## Source material
....

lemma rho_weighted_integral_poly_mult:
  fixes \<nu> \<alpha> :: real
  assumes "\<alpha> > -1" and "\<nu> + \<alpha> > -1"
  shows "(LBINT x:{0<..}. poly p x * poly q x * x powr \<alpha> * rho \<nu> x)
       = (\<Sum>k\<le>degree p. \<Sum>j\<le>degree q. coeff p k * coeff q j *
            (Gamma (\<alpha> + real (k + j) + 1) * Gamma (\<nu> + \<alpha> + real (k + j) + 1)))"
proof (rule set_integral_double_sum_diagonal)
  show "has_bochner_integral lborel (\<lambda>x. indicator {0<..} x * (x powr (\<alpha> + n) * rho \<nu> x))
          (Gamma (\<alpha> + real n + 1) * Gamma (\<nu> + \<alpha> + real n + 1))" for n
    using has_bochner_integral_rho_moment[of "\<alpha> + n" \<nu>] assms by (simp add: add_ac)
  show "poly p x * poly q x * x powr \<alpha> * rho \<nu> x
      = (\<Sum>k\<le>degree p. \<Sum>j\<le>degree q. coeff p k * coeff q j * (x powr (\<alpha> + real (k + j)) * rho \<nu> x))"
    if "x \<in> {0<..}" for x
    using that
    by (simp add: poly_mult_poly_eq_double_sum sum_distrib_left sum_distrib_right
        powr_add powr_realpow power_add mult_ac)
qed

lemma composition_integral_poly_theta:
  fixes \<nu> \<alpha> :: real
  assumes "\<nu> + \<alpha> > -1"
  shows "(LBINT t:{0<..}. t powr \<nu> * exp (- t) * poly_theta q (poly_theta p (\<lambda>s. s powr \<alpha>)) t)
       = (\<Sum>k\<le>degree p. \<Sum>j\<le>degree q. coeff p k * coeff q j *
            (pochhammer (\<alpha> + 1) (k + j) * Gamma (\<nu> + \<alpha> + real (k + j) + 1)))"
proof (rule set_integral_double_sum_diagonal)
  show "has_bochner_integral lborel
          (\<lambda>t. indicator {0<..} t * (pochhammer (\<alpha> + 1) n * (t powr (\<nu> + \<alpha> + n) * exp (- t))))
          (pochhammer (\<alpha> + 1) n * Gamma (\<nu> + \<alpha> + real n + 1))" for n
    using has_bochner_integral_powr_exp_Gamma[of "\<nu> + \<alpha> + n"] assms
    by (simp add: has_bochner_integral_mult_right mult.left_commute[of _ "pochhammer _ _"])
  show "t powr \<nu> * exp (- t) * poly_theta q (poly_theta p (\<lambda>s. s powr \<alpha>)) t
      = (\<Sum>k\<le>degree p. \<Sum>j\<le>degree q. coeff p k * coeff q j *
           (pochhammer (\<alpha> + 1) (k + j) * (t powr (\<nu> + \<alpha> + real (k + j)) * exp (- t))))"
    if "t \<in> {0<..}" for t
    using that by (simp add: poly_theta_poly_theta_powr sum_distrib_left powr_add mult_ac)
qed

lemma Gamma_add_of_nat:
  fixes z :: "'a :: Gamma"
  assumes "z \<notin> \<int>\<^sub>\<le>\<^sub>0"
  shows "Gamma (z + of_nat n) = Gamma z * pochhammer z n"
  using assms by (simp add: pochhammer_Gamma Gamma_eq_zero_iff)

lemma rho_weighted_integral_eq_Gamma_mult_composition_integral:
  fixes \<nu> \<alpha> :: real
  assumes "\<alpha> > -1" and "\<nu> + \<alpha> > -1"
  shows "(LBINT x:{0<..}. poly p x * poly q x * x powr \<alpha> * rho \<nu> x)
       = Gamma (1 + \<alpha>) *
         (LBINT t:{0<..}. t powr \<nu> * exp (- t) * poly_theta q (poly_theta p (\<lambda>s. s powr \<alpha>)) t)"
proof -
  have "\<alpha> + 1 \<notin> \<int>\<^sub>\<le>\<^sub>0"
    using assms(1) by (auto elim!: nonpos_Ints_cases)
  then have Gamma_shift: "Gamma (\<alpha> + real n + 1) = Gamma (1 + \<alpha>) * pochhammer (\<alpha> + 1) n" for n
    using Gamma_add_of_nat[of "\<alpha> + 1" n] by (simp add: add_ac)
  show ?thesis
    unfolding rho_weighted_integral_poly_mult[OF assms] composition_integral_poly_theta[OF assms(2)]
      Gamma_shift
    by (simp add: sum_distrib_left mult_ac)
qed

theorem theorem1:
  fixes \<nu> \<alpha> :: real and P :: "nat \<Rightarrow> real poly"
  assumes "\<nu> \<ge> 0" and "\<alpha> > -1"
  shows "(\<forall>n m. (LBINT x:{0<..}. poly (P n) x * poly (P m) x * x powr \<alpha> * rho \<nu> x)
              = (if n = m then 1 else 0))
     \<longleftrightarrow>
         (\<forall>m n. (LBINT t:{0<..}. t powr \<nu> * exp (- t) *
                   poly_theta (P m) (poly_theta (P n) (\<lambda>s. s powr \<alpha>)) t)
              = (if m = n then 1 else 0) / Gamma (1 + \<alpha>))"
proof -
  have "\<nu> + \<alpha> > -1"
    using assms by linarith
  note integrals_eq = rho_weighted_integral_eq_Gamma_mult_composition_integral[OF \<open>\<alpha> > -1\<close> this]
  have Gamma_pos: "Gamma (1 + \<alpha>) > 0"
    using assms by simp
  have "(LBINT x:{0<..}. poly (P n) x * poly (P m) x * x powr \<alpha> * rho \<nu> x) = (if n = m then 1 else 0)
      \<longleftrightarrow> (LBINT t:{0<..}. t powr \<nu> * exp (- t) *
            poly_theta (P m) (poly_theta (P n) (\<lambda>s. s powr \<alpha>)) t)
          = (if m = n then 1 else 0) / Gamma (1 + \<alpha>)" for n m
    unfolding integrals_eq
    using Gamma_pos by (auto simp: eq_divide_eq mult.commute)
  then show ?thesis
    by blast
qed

....

## Problem to solve
Go through the entries above and restate each one exactly.

## Solved exercise
lemma rho_weighted_integral_poly_mult:
  fixes \<nu> \<alpha> :: real
  assumes "\<alpha> > -1" and "\<nu> + \<alpha> > -1"
  shows "(LBINT x:{0<..}. poly p x * poly q x * x powr \<alpha> * rho \<nu> x)
       = (\<Sum>k\<le>degree p. \<Sum>j\<le>degree q. coeff p k * coeff q j *
            (Gamma (\<alpha> + real (k + j) + 1) * Gamma (\<nu> + \<alpha> + real (k + j) + 1)))"
proof (rule set_integral_double_sum_diagonal)
  show "has_bochner_integral lborel (\<lambda>x. indicator {0<..} x * (x powr (\<alpha> + n) * rho \<nu> x))
          (Gamma (\<alpha> + real n + 1) * Gamma (\<nu> + \<alpha> + real n + 1))" for n
    using has_bochner_integral_rho_moment[of "\<alpha> + n" \<nu>] assms by (simp add: add_ac)
  show "poly p x * poly q x * x powr \<alpha> * rho \<nu> x
      = (\<Sum>k\<le>degree p. \<Sum>j\<le>degree q. coeff p k * coeff q j * (x powr (\<alpha> + real (k + j)) * rho \<nu> x))"
    if "x \<in> {0<..}" for x
    using that
    by (simp add: poly_mult_poly_eq_double_sum sum_distrib_left sum_distrib_right
        powr_add powr_realpow power_add mult_ac)
qed

lemma composition_integral_poly_theta:
  fixes \<nu> \<alpha> :: real
  assumes "\<nu> + \<alpha> > -1"
  shows "(LBINT t:{0<..}. t powr \<nu> * exp (- t) * poly_theta q (poly_theta p (\<lambda>s. s powr \<alpha>)) t)
       = (\<Sum>k\<le>degree p. \<Sum>j\<le>degree q. coeff p k * coeff q j *
            (pochhammer (\<alpha> + 1) (k + j) * Gamma (\<nu> + \<alpha> + real (k + j) + 1)))"
proof (rule set_integral_double_sum_diagonal)
  show "has_bochner_integral lborel
          (\<lambda>t. indicator {0<..} t * (pochhammer (\<alpha> + 1) n * (t powr (\<nu> + \<alpha> + n) * exp (- t))))
          (pochhammer (\<alpha> + 1) n * Gamma (\<nu> + \<alpha> + real n + 1))" for n
    using has_bochner_integral_powr_exp_Gamma[of "\<nu> + \<alpha> + n"] assms
    by (simp add: has_bochner_integral_mult_right mult.left_commute[of _ "pochhammer _ _"])
  show "t powr \<nu> * exp (- t) * poly_theta q (poly_theta p (\<lambda>s. s powr \<alpha>)) t
      = (\<Sum>k\<le>degree p. \<Sum>j\<le>degree q. coeff p k * coeff q j *
           (pochhammer (\<alpha> + 1) (k + j) * (t powr (\<nu> + \<alpha> + real (k + j)) * exp (- t))))"
    if "t \<in> {0<..}" for t
    using that by (simp add: poly_theta_poly_theta_powr sum_distrib_left powr_add mult_ac)
qed

lemma Gamma_add_of_nat:
  fixes z :: "'a :: Gamma"
  assumes "z \<notin> \<int>\<^sub>\<le>\<^sub>0"
  shows "Gamma (z + of_nat n) = Gamma z * pochhammer z n"
  using assms by (simp add: pochhammer_Gamma Gamma_eq_zero_iff)

lemma rho_weighted_integral_eq_Gamma_mult_composition_integral:
  fixes \<nu> \<alpha> :: real
  assumes "\<alpha> > -1" and "\<nu> + \<alpha> > -1"
  shows "(LBINT x:{0<..}. poly p x * poly q x * x powr \<alpha> * rho \<nu> x)
       = Gamma (1 + \<alpha>) *
         (LBINT t:{0<..}. t powr \<nu> * exp (- t) * poly_theta q (poly_theta p (\<lambda>s. s powr \<alpha>)) t)"
proof -
  have "\<alpha> + 1 \<notin> \<int>\<^sub>\<le>\<^sub>0"
    using assms(1) by (auto elim!: nonpos_Ints_cases)
  then have Gamma_shift: "Gamma (\<alpha> + real n + 1) = Gamma (1 + \<alpha>) * pochhammer (\<alpha> + 1) n" for n
    using Gamma_add_of_nat[of "\<alpha> + 1" n] by (simp add: add_ac)
  show ?thesis
    unfolding rho_weighted_integral_poly_mult[OF assms] composition_integral_poly_theta[OF assms(2)]
      Gamma_shift
    by (simp add: sum_distrib_left mult_ac)
qed

theorem theorem1:
  fixes \<nu> \<alpha> :: real and P :: "nat \<Rightarrow> real poly"
  assumes "\<nu> \<ge> 0" and "\<alpha> > -1"
  shows "(\<forall>n m. (LBINT x:{0<..}. poly (P n) x * poly (P m) x * x powr \<alpha> * rho \<nu> x)
              = (if n = m then 1 else 0))
     \<longleftrightarrow>
         (\<forall>m n. (LBINT t:{0<..}. t powr \<nu> * exp (- t) *
                   poly_theta (P m) (poly_theta (P n) (\<lambda>s. s powr \<alpha>)) t)
              = (if m = n then 1 else 0) / Gamma (1 + \<alpha>))"
proof -
  have "\<nu> + \<alpha> > -1"
    using assms by linarith
  note integrals_eq = rho_weighted_integral_eq_Gamma_mult_composition_integral[OF \<open>\<alpha> > -1\<close> this]
  have Gamma_pos: "Gamma (1 + \<alpha>) > 0"
    using assms by simp
  have "(LBINT x:{0<..}. poly (P n) x * poly (P m) x * x powr \<alpha> * rho \<nu> x) = (if n = m then 1 else 0)
      \<longleftrightarrow> (LBINT t:{0<..}. t powr \<nu> * exp (- t) *
            poly_theta (P m) (poly_theta (P n) (\<lambda>s. s powr \<alpha>)) t)
          = (if m = n then 1 else 0) / Gamma (1 + \<alpha>)" for n m
    unfolding integrals_eq
    using Gamma_pos by (auto simp: eq_divide_eq mult.commute)
  then show ?thesis
    by blast
qed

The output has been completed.